* [Brief] In your reply, reproduce the lines from the first one below to the line containing "(A \<inter> X \<inter>", inclusive, exactly as they stand.

------------------------------------------------------------------------

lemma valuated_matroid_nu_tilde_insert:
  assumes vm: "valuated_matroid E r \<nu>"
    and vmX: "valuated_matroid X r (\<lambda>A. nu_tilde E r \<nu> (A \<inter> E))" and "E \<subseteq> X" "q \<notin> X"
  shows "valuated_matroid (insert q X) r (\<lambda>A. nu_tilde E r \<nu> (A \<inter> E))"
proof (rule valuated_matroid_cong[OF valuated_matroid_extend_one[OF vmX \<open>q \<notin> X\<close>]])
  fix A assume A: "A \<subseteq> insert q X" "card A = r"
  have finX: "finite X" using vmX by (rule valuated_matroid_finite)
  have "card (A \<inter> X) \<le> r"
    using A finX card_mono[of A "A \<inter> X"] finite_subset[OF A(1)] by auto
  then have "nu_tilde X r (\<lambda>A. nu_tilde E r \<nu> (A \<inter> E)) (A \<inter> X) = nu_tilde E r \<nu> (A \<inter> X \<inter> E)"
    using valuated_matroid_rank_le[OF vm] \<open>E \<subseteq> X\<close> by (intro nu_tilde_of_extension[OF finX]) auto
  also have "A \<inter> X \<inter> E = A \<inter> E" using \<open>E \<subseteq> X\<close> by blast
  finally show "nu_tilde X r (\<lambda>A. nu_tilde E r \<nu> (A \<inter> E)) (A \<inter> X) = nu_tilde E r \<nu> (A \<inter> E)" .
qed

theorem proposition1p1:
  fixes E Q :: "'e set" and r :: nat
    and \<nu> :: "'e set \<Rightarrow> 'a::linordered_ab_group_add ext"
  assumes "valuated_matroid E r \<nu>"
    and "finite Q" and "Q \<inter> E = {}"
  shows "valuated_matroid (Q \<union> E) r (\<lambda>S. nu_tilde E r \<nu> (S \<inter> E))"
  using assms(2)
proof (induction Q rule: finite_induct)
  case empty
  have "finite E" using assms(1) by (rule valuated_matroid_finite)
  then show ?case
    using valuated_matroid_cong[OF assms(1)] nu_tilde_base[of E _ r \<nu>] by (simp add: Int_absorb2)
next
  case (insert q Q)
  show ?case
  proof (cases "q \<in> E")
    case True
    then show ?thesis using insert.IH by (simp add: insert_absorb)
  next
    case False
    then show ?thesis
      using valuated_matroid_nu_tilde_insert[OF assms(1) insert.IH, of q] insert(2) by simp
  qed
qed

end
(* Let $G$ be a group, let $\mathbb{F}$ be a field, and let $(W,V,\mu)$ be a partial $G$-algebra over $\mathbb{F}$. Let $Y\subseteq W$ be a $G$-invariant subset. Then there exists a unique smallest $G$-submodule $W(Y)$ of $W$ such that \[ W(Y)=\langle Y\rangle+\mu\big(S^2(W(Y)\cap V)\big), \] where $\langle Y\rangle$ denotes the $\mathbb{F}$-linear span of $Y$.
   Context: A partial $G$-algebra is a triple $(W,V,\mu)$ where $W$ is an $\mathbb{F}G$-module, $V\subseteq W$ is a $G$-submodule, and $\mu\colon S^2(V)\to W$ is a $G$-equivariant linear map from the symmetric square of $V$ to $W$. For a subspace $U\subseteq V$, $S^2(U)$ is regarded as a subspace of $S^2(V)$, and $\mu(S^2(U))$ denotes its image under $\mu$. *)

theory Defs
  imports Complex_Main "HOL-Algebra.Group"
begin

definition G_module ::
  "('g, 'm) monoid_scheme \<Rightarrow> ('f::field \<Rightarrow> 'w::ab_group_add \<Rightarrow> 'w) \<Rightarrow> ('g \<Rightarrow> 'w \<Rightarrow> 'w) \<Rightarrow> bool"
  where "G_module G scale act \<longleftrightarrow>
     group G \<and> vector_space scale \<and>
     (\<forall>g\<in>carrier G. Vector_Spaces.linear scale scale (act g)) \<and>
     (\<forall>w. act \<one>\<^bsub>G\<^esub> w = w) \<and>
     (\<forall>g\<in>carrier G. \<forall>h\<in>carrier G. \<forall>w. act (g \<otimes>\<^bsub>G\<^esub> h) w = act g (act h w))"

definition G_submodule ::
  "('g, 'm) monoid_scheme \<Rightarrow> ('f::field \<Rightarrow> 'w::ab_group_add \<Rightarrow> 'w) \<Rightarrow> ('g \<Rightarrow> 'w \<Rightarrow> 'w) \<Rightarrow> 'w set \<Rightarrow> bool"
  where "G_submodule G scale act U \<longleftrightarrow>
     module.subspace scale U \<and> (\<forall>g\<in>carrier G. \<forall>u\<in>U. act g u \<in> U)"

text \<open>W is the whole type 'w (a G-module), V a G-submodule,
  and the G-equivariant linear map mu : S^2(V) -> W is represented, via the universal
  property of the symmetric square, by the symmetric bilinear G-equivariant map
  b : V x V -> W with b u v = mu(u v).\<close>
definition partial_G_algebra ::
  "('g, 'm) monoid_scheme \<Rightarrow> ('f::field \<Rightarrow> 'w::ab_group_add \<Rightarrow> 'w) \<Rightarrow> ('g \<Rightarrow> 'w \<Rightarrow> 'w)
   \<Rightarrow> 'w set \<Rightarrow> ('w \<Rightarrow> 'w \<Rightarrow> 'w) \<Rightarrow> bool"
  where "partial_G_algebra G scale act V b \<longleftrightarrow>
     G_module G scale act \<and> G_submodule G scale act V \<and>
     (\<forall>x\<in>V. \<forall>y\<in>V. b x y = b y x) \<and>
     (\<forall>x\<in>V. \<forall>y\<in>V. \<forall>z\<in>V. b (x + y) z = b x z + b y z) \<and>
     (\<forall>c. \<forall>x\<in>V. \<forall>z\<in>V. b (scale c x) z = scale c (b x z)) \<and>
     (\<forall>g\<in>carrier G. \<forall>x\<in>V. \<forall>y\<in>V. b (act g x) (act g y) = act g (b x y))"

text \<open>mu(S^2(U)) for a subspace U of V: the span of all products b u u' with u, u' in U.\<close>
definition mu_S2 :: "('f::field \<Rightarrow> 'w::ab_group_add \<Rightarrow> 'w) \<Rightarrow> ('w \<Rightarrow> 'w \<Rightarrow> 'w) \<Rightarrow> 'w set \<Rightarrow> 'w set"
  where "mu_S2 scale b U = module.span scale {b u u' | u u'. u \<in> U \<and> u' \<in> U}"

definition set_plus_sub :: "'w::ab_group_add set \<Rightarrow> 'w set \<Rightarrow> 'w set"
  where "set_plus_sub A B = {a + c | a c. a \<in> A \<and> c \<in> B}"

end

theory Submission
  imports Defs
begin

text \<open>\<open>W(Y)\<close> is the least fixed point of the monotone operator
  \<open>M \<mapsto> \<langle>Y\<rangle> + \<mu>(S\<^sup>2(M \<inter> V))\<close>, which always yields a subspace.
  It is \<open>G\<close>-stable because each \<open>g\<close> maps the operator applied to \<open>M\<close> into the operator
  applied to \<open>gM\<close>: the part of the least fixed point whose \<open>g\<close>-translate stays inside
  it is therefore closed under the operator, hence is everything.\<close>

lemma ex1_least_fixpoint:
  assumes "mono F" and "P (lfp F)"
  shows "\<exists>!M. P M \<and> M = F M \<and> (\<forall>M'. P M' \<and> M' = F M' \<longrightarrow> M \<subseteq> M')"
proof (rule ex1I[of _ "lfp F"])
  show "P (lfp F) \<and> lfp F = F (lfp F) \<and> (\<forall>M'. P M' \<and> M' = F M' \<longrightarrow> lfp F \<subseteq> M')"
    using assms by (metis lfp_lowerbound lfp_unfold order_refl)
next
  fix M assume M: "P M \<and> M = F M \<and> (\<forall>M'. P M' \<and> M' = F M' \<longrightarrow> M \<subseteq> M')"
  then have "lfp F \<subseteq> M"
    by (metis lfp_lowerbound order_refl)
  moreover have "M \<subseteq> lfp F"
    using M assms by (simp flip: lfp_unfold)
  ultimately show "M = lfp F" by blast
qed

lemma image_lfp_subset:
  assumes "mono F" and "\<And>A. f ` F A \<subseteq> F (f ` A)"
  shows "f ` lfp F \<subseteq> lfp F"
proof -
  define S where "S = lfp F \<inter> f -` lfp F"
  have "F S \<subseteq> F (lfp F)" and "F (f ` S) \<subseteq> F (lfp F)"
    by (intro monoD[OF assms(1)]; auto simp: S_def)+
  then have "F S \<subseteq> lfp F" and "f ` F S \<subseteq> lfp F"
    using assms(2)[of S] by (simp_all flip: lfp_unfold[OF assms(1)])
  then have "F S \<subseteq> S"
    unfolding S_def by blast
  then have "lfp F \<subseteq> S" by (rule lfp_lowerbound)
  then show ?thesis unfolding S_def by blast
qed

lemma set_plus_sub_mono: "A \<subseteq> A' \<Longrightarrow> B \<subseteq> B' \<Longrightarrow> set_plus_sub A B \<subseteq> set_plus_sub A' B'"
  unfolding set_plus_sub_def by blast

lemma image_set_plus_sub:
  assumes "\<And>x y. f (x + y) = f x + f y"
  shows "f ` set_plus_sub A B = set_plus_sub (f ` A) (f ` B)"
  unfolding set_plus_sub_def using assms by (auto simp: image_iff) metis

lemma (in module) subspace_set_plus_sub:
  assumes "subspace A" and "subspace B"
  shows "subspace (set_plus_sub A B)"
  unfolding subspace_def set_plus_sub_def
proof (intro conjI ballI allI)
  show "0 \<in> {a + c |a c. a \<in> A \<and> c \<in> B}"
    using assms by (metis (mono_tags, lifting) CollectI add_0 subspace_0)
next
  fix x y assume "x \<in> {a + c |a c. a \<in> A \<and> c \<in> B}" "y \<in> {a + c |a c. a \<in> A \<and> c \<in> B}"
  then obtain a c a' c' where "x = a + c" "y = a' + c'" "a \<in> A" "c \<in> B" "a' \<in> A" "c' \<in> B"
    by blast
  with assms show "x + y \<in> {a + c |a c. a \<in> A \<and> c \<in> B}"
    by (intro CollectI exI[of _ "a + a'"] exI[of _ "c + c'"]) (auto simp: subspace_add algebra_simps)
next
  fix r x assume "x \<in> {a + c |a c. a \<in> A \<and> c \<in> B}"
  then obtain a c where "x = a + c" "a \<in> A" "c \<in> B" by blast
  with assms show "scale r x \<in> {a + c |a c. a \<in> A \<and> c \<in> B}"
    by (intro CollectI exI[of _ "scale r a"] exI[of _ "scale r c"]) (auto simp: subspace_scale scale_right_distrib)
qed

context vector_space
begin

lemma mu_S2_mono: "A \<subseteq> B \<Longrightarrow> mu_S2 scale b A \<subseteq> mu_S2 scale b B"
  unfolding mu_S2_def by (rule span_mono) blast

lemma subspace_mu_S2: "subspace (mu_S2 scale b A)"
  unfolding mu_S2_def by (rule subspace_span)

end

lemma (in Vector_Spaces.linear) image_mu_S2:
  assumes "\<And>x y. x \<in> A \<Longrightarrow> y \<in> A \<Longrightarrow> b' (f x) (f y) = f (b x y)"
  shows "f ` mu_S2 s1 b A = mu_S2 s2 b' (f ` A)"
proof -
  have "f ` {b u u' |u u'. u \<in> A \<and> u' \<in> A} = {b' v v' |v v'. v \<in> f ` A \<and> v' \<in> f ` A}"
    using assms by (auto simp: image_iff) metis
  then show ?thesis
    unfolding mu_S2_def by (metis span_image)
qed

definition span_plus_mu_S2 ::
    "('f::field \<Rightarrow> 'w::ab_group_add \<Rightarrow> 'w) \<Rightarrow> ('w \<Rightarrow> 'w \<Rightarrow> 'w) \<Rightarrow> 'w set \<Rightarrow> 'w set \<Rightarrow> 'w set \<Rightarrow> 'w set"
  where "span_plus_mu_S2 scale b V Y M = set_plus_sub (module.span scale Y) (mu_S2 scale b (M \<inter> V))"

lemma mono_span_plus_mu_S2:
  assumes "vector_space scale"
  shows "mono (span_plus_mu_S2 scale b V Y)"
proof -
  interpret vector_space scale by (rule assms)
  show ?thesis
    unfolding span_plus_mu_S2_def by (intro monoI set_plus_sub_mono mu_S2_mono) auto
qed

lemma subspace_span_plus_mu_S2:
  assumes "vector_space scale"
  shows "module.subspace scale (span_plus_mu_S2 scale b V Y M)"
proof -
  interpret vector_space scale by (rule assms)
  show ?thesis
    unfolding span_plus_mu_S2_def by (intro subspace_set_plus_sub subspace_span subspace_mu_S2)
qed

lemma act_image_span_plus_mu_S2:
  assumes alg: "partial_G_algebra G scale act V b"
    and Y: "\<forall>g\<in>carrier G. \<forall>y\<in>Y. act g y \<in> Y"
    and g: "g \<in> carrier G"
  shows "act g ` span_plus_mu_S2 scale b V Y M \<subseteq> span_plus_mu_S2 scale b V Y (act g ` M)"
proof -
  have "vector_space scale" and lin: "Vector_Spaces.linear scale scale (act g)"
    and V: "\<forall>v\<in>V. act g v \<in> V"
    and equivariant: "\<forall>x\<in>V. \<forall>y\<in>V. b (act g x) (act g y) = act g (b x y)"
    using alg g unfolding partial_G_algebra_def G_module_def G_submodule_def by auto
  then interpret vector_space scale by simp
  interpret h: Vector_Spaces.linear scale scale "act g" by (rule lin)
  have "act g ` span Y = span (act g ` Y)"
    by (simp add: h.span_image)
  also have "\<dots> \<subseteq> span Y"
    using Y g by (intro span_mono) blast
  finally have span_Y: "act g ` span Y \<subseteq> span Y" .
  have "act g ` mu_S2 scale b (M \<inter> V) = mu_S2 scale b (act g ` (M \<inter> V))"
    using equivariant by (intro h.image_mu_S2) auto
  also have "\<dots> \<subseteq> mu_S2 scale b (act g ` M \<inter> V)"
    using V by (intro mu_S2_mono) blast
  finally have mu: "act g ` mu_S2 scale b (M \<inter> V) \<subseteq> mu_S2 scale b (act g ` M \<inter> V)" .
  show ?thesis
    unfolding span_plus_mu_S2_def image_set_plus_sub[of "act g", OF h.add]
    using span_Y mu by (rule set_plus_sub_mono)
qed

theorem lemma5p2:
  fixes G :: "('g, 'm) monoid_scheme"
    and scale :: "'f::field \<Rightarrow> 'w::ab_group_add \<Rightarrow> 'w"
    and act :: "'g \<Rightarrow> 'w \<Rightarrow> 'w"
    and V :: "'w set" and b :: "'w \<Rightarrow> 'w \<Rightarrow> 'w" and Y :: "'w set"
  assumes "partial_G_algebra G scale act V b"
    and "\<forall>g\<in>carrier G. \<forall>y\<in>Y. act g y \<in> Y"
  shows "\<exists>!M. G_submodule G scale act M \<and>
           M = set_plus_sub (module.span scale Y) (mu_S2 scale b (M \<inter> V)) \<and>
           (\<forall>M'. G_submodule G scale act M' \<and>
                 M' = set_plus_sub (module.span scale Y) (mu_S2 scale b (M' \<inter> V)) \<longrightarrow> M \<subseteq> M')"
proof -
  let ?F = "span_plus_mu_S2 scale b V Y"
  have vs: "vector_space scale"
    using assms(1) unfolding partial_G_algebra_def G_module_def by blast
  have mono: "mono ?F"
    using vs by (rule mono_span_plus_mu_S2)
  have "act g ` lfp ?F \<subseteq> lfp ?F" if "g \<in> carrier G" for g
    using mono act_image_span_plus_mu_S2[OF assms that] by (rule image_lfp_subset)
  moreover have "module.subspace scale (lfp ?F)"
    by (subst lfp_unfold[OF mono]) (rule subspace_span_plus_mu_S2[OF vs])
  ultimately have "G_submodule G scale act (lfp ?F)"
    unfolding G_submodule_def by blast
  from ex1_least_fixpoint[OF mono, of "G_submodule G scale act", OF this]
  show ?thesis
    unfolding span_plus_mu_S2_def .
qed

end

------------------------------------------------------------------------

* [Exercise answer]
lemma valuated_matroid_nu_tilde_insert:
  assumes vm: "valuated_matroid E r \<nu>"
    and vmX: "valuated_matroid X r (\<lambda>A. nu_tilde E r \<nu> (A \<inter> E))" and "E \<subseteq> X" "q \<notin> X"
  shows "valuated_matroid (insert q X) r (\<lambda>A. nu_tilde E r \<nu> (A \<inter> E))"
proof (rule valuated_matroid_cong[OF valuated_matroid_extend_one[OF vmX \<open>q \<notin> X\<close>]])
  fix A assume A: "A \<subseteq> insert q X" "card A = r"
  have finX: "finite X" using vmX by (rule valuated_matroid_finite)
  have "card (A \<inter> X) \<le> r"
    using A finX card_mono[of A "A \<inter> X"] finite_subset[OF A(1)] by auto
  then have "nu_tilde X r (\<lambda>A. nu_tilde E r \<nu> (A \<inter> E)) (A \<inter> X) = nu_tilde E r \<nu> (A \<inter> X \<inter> E)"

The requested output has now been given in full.